= 2006 in English-language radio =

The year 2006 saw a number of significant events in radio broadcasting.

==Events==
- Quad Cities' radio stations WKBF (1270 AM) and WHTS (98.9 FM), both owned by Mercury Broadcasting but operated by a joint sales agreement with Clear Channel Communications, are sold during the year. The sale of WKBF from Mercury to EMF Broadcasting is completed in late 2005, and in February the format switches from contemporary hit radio (which had been formatted at the frequency since 1987) to formatting Christian music as WKLU. WKBF, which had been broadcasting a progressive talk format, is sold to Quad Cities Media and switches to Christian talk in December.

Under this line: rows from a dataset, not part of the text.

lemma average_tendsto_zero_if_supported_on_powers_of_two:
  fixes r :: "nat \<Rightarrow> real"
  assumes "\<And>i. 0 \<le> r i" "\<And>i. r i \<le> D" "\<And>i. \<nexists>k. Suc (Suc i) = 2 ^ k \<Longrightarrow> r i = 0"
  shows "(\<lambda>n. (\<Sum>i<n. r i) / real n) \<longlonglongrightarrow> 0"
proof (rule tendsto_sandwich[where f = "\<lambda>_. 0" and h = "\<lambda>n. D * (log 2 (real (Suc n)) + 1) / real n"])
  have "(\<Sum>i<n. r i) \<le> D * (log 2 (real (Suc n)) + 1)" for n
  proof -
    let ?S = "{i. i < n \<and> (\<exists>k. Suc (Suc i) = 2 ^ k)}"
    have "D \<ge> 0" using assms(1,2) order_trans by blast
    have "(\<Sum>i<n. r i) = (\<Sum>i\<in>?S. r i)"
      by (rule sum.mono_neutral_right) (use assms(3) in auto)
    also have "\<dots> \<le> D * real (card ?S)"
      using sum_bounded_above[of ?S r D] assms(2) by (simp add: mult.commute)
    also have "\<dots> \<le> D * real (Suc (floor_log (Suc n)))"
      using card_powers_of_two_below[of n] \<open>D \<ge> 0\<close> by (intro mult_left_mono) auto
    also have "\<dots> \<le> D * (log 2 (real (Suc n)) + 1)"
      using le_log2_of_power[OF floor_log_exp2_le[of "Suc n"]] \<open>D \<ge> 0\<close>
      by (intro mult_left_mono) auto
    finally show ?thesis .
  qed
  then show "\<forall>\<^sub>F n in sequentially. (\<Sum>i<n. r i) / real n \<le> D * (log 2 (real (Suc n)) + 1) / real n"
    by (intro always_eventually allI divide_right_mono) auto
  show "\<forall>\<^sub>F n in sequentially. 0 \<le> (\<Sum>i<n. r i) / real n"
    using assms(1) by (intro always_eventually allI divide_nonneg_nonneg sum_nonneg) auto
  show "(\<lambda>n. D * (log 2 (real (Suc n)) + 1) / real n) \<longlonglongrightarrow> 0"
    by real_asymp
qed simp

lemma small_term_in_long_interval:
  fixes d :: "nat \<Rightarrow> real"
  assumes "\<And>i. 0 \<le> d i" "a < b" "b \<le> n" "n \<le> 4 * (b - a)" "(\<Sum>i<n. d i) / real n < \<delta> / 4"
  obtains i where "a \<le> i" "i < b" "d i < \<delta>"
proof (rule ccontr)
  assume "\<not> thesis"
  with that have "\<And>i. i \<in> {a..<b} \<Longrightarrow> \<delta> \<le> d i" by force
  then have "real (b - a) * \<delta> \<le> (\<Sum>i\<in>{a..<b}. d i)"
    using sum_mono[of "{a..<b}" "\<lambda>_. \<delta>" d] by simp
  also have "\<dots> \<le> (\<Sum>i<n. d i)"
    using assms(1,3) by (intro sum_mono2) auto
  finally have sum_ge: "real (b - a) * \<delta> \<le> (\<Sum>i<n. d i)" .
  have "0 < n" using assms(2,3) by simp
  then have sum_lt: "(\<Sum>i<n. d i) < real n * \<delta> / 4"
    using assms(5) by (simp add: pos_divide_less_eq mult.commute)
  have "real n \<le> real (4 * (b - a))"
    using assms(4) by (rule of_nat_mono)
  moreover have "0 < \<delta>"
  proof -
    have "0 \<le> (\<Sum>i<n. d i)"
      using assms(1) by (simp add: sum_nonneg)
    with sum_lt have "0 < real n * \<delta>"
      by linarith
    with \<open>0 < n\<close> show ?thesis
      by (simp add: zero_less_mult_iff)
  qed
  ultimately have "real n * \<delta> \<le> 4 * (real (b - a) * \<delta>)"
    using mult_right_mono[of "real n" "real (4 * (b - a))" \<delta>] by simp
  with sum_ge sum_lt show False by linarith
qed

lemma small_terms_in_dyadic_windows:
  fixes d :: "nat \<Rightarrow> real"
  assumes "\<And>i. 0 \<le> d i" "(\<lambda>n. (\<Sum>i<n. d i) / real n) \<longlonglongrightarrow> 0" "\<delta> > 0"
  obtains N T T' where "3 * 2 ^ N \<le> Suc T" "Suc T < 4 * 2 ^ N" "4 * 2 ^ N \<le> Suc T'" "Suc T' < 6 * 2 ^ N"
    "d T < \<delta>" "d T' < \<delta>"
proof -
  obtain N where N0: "\<forall>n\<ge>N. norm ((\<Sum>i<n. d i) / real n - 0) < \<delta> / 4"
    using LIMSEQ_D[OF assms(2), of "\<delta> / 4"] \<open>\<delta> > 0\<close> by auto
  have N: "(\<Sum>i<n. d i) / real n < \<delta> / 4" if "n \<ge> N" for n
    by (rule order_le_less_trans[OF _ N0[rule_format, OF that]]) (simp add: divide_right_mono)
  define m :: nat where "m = 2 ^ N"
  have "N < m" "1 \<le> m" unfolding m_def by simp_all
  obtain T where T: "3 * m - 1 \<le> T" "T < 4 * m - 1" "d T < \<delta>"
  proof (rule small_term_in_long_interval[where d = d and n = "4 * m - 1"
        and a = "3 * m - 1" and b = "4 * m - 1" and \<delta> = \<delta>])
    show "(\<Sum>i<4 * m - 1. d i) / real (4 * m - 1) < \<delta> / 4"
      by (rule N) (use \<open>N < m\<close> in simp)
  qed (use that assms(1) \<open>1 \<le> m\<close> in auto)
  obtain T' where T': "4 * m - 1 \<le> T'" "T' < 6 * m - 1" "d T' < \<delta>"
  proof (rule small_term_in_long_interval[where d = d and n = "8 * m - 1"
        and a = "4 * m - 1" and b = "6 * m - 1" and \<delta> = \<delta>])
    show "(\<Sum>i<8 * m - 1. d i) / real (8 * m - 1) < \<delta> / 4"
      by (rule N) (use \<open>N < m\<close> in simp)
  qed (use that assms(1) \<open>1 \<le> m\<close> in auto)
  show thesis
    by (rule that[of N T T']) (use T T' \<open>1 \<le> m\<close> in \<open>simp_all add: m_def\<close>)
qed
(* For GT systems $T_1=(\mathcal L,\mathcal R_1)$ and $T_2=(\mathcal L,\mathcal R_2)$ over a common label alphabet: $T_1\cong T_2$ implies $T_1\simeq_N T_2$, which implies $T_1\simeq_S T_2$, which implies $T_1\simeq_F T_2$. Moreover, none of the converse implications holds in general: there exist GT systems that are normalisation equivalent but not isomorphic, step-wise equivalent but not normalisation equivalent, and semantically equivalent but not step-wise equivalent.
   Context: Fix a label alphabet $\mathcal L=(\mathcal L_V,\mathcal L_E)$ of finite sets. A graph over $\mathcal L$ is $G=(V,E,s,t,l,m,p)$ with $V,E$ finite, $s,t:E\to V$ total, $l:V\rightharpoonup\mathcal L_V$ partial, $m:E\to\mathcal L_E$ total, $p:V\rightharpoonup\{0,1\}$ partial (rootedness). $G$ is a TLRG if $l,p$ are total. Morphisms preserve sources, targets, edge labels, and node labels and rootedness wherever defined; isomorphisms are bijective morphisms whose inverse is a morphism. $\mathcal G^{\oplus}(\mathcal L)$ is the set of isomorphism classes $[G]$ of TLRGs. A rule $r=\langle L\leftarrow K\rightarrow R\rangle$ consists of TLRGs $L,R$ and a graph $K$ that is a subgraph of both (sets included, $s,t,m$ restricted, $l_K\subseteq l_L$, $p_K\subseteq p_L$, likewise for $R$). Rule application to TLRG $G$ via an injective $g:L\to G$ satisfying the dangling condition (no edge outside $g(L)$ incident to a node of $g(V_L\setminus V_K)$): delete images of items of $L$ not in $K$, undefine label/rootedness of $g_V(v)$ where undefined for $v\in V_K$; add disjointly items of $R$ not in $K$, set label/rootedness of $g_V(v)$ to $l_R(v)/p_R(v)$ where undefined in $K$; $G\Rightarrow_r H$ if $H$ is isomorphic to the result. A GT system $T=(\mathcal L,\mathcal R)$ has a finite rule set $\mathcal R$. Rules $r_1,r_2$ are isomorphic ($r_1\cong r_2$) if there are isomorphisms $f:L_1\to L_2$, $g:R_1\to R_2$ with $f|_{K_1}=g|_{K_1}$ and $f(K_1)=K_2$. The normal form of $r$ is $r{\downarrow}=\langle L\leftarrow K'\rightarrow R\rangle$ with $K'$ having the nodes of $K$, no edges, and undefined labels and rootedness; $r_1\simeq r_2$ iff $r_1{\downarrow}\cong r_2{\downarrow}$. The induced relation $\to_T$ on $\mathcal G^{\oplus}(\mathcal L)$ is $[G]\to_T[H]$ iff $G\Rightarrow_{\mathcal R}H$. The semantic function $f_T:\mathcal G^{\oplus}(\mathcal L)\to\mathcal P(\mathcal G^{\oplus}(\mathcal L)\cup\{\bot\})$ maps $[G]$ to the set of normal forms of $[G]$ w.r.t. $\to_T$ (those $[H]$ with $[G]\to_T^*[H]$ and $[H]$ irreducible), together with $\bot$ iff there is an infinite $\to_T$-sequence starting at $[G]$. Then: $T_1\cong T_2$ iff $\mathcal R_1/{\cong}=\mathcal R_2/{\cong}$ (equal sets of isomorphism classes of rules); $T_1\simeq_N T_2$ iff $\mathcal R_1/{\simeq}=\mathcal R_2/{\simeq}$; $T_1\simeq_S T_2$ iff $\to_{T_1}=\to_{T_2}$; $T_1\simeq_F T_2$ iff $f_{T_1}=f_{T_2}$. *)

theory Defs
  imports Main
begin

- January 3 – The BJ Shea Morning Experience switches to KISW in Seattle, Washington, from the former FM Talk (now country) station KKWF.
- January 21 – Kix Brooks, one half of the country music superstar duo Brooks & Dunn, takes over as host of the long-running "American Country Countdown." He succeeds Bob Kingsley, who had left the program after 27 years a month earlier, and had since started a new program called "Bob Kingsley's Country Top 40." Kingsley's last show was December 24, 2005, and radio personality Michael Jay had served as interim host until Brooks' debut.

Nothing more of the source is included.